START Given records
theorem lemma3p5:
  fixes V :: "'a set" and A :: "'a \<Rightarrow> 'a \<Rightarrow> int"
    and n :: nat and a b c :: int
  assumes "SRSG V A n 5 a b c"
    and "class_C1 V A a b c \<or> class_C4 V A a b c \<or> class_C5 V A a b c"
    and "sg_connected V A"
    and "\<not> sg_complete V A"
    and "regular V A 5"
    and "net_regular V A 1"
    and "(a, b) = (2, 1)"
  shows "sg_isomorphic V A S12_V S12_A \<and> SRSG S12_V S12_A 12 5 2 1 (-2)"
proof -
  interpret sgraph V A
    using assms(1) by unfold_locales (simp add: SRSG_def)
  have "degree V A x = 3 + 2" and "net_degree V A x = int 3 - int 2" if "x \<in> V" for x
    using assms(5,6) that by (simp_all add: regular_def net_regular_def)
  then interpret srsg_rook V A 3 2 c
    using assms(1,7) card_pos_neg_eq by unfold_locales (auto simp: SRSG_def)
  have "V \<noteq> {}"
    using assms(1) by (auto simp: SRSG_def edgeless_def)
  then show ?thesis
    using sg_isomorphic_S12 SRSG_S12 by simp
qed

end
END Given records
## Exercise aim
State, as a bare number, how many lines of the records above include "auto".

## Solution to this exercise
2